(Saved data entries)
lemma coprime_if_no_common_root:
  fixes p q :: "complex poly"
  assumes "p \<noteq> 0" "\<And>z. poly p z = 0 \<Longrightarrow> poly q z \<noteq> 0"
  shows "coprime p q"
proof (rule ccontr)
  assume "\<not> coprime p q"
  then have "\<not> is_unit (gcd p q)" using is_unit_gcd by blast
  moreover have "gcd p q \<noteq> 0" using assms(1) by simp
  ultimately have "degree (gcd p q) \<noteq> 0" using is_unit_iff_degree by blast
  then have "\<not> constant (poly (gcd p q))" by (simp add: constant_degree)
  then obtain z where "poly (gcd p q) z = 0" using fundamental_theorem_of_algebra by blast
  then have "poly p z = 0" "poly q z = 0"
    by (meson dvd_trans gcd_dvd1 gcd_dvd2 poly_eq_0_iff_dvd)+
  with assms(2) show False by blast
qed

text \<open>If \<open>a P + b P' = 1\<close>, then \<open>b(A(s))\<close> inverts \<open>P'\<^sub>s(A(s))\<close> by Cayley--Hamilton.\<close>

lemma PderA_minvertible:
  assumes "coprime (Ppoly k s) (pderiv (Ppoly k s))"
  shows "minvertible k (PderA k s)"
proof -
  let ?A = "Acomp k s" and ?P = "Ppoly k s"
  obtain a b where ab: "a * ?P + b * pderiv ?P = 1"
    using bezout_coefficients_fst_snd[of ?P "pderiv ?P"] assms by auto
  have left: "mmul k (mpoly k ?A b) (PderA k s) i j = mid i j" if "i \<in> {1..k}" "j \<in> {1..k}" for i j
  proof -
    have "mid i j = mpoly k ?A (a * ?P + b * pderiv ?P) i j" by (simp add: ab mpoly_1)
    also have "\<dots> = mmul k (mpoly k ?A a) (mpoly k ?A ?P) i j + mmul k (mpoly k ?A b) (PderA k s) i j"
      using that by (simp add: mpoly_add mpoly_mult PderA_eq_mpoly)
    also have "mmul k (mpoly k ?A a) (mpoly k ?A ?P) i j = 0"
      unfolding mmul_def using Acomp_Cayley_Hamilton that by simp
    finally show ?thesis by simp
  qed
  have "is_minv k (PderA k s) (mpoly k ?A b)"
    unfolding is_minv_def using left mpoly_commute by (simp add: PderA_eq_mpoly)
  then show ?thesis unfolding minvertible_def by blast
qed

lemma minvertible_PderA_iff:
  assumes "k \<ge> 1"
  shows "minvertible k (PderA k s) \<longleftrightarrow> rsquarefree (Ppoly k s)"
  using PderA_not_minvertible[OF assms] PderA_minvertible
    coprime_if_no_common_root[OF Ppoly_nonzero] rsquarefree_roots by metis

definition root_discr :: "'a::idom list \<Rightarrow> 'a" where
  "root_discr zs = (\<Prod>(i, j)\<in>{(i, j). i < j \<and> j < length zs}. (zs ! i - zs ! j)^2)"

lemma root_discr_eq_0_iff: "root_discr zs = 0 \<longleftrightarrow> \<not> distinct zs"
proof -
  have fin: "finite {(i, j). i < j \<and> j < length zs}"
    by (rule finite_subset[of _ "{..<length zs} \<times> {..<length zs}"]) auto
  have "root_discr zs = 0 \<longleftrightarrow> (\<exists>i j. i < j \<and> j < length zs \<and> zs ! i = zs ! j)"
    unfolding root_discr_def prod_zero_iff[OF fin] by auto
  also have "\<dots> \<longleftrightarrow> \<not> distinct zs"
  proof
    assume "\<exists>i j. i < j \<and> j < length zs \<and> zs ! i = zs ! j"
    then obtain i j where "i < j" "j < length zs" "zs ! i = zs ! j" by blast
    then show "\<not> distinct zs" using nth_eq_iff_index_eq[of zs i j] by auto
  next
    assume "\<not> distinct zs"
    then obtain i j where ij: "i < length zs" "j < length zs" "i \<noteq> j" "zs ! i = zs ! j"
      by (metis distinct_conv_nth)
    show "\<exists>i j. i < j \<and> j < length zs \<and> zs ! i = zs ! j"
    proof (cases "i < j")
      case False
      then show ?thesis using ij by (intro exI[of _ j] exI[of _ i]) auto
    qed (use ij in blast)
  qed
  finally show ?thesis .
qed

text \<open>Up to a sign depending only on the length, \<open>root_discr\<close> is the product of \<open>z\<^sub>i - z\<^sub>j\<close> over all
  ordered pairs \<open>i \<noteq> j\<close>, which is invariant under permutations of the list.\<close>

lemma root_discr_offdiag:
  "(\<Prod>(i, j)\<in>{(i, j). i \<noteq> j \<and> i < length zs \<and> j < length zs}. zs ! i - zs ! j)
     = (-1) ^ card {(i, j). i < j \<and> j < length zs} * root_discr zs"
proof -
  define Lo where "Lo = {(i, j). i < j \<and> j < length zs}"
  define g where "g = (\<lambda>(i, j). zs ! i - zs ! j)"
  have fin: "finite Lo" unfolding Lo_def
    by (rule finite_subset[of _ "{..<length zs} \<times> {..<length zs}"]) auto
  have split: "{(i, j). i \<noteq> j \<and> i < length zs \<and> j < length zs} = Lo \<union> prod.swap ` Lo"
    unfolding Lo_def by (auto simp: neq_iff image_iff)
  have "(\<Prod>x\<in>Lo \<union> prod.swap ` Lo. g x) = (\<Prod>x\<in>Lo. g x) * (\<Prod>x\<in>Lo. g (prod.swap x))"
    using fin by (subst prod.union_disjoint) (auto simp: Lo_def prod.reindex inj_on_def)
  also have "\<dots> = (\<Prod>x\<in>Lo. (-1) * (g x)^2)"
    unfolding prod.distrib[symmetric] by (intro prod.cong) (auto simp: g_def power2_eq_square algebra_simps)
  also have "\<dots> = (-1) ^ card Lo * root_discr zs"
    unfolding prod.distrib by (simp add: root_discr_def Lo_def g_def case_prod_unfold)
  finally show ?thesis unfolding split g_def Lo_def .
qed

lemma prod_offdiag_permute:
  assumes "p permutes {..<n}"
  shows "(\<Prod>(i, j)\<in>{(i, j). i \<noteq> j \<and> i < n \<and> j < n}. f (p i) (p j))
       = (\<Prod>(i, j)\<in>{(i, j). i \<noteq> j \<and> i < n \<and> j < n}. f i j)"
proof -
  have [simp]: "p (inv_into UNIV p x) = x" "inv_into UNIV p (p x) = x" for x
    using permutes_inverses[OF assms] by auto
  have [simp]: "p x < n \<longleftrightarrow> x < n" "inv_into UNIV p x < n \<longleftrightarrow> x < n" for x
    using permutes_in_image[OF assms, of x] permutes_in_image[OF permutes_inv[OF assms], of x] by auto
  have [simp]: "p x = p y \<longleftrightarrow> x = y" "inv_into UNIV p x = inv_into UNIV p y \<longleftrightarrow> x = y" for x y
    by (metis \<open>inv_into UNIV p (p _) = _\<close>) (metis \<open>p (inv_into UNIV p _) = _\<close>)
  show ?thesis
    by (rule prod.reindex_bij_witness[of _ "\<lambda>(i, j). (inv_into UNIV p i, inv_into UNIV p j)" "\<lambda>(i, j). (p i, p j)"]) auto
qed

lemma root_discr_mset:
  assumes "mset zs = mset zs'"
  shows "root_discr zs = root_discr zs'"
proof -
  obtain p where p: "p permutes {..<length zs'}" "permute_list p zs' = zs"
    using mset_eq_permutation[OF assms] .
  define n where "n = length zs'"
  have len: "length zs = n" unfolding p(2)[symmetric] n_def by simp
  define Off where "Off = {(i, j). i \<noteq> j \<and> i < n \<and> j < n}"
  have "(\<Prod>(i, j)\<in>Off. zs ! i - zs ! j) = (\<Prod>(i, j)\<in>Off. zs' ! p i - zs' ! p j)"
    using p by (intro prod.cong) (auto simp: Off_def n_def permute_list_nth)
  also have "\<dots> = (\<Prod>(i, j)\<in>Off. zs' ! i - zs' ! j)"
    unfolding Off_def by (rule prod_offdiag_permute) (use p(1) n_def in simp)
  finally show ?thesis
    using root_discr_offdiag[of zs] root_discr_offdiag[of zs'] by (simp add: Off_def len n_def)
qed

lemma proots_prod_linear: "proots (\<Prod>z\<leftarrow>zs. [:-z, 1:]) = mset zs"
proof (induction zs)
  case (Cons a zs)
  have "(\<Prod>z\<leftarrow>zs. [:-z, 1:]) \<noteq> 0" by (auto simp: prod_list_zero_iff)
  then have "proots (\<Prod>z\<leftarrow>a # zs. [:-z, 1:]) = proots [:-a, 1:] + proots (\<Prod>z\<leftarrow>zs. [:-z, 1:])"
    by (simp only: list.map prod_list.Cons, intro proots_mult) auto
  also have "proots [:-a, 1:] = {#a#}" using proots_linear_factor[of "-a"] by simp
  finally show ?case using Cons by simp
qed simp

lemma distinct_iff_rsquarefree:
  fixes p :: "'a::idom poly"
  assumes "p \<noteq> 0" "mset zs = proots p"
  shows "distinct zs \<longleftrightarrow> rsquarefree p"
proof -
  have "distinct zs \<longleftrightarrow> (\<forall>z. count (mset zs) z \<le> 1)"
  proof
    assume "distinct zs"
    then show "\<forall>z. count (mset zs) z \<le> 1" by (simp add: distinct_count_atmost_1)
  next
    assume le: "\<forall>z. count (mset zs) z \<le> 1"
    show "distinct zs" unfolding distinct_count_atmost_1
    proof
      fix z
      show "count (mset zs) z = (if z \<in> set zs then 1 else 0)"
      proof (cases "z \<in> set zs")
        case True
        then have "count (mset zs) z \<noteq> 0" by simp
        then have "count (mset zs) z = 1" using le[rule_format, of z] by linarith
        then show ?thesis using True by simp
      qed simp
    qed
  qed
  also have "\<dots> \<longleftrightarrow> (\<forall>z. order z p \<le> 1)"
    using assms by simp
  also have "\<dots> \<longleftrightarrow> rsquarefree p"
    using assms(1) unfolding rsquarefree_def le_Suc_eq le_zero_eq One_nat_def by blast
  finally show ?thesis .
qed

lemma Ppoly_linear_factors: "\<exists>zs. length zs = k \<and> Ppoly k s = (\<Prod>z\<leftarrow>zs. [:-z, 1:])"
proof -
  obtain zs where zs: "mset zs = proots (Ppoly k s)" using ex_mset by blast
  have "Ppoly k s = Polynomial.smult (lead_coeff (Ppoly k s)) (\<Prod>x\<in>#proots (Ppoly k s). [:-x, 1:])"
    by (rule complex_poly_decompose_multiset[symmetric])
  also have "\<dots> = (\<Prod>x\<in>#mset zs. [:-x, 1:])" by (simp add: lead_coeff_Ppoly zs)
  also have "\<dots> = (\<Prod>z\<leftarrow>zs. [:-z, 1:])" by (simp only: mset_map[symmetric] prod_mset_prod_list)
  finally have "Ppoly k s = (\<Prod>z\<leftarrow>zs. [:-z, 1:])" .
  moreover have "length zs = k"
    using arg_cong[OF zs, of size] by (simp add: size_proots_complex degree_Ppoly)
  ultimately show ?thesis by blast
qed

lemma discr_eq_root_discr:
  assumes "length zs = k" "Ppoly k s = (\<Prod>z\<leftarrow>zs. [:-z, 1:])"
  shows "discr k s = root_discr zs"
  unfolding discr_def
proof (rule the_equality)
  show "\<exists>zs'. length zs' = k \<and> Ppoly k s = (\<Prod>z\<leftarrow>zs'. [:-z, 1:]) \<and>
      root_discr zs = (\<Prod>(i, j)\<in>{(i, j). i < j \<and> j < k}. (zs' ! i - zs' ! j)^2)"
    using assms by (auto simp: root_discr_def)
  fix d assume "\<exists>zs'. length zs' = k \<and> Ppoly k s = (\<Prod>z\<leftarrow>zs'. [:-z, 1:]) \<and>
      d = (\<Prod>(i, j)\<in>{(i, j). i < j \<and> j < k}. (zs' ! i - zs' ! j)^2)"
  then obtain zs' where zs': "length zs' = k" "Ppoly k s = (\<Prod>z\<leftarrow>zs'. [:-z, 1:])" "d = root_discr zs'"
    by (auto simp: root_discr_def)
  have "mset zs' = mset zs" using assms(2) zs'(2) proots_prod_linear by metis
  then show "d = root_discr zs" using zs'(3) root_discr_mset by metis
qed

| Task |
From the data above, return every line from the line that has "finally show ?thesis by simp" up to and including the line that has "(zs ! i - zs", exactly.

| Task result |
    finally show ?thesis by simp
  qed
  have "is_minv k (PderA k s) (mpoly k ?A b)"
    unfolding is_minv_def using left mpoly_commute by (simp add: PderA_eq_mpoly)
  then show ?thesis unfolding minvertible_def by blast
qed

lemma minvertible_PderA_iff:
  assumes "k \<ge> 1"
  shows "minvertible k (PderA k s) \<longleftrightarrow> rsquarefree (Ppoly k s)"
  using PderA_not_minvertible[OF assms] PderA_minvertible
    coprime_if_no_common_root[OF Ppoly_nonzero] rsquarefree_roots by metis

definition root_discr :: "'a::idom list \<Rightarrow> 'a" where
  "root_discr zs = (\<Prod>(i, j)\<in>{(i, j). i < j \<and> j < length zs}. (zs ! i - zs ! j)^2)"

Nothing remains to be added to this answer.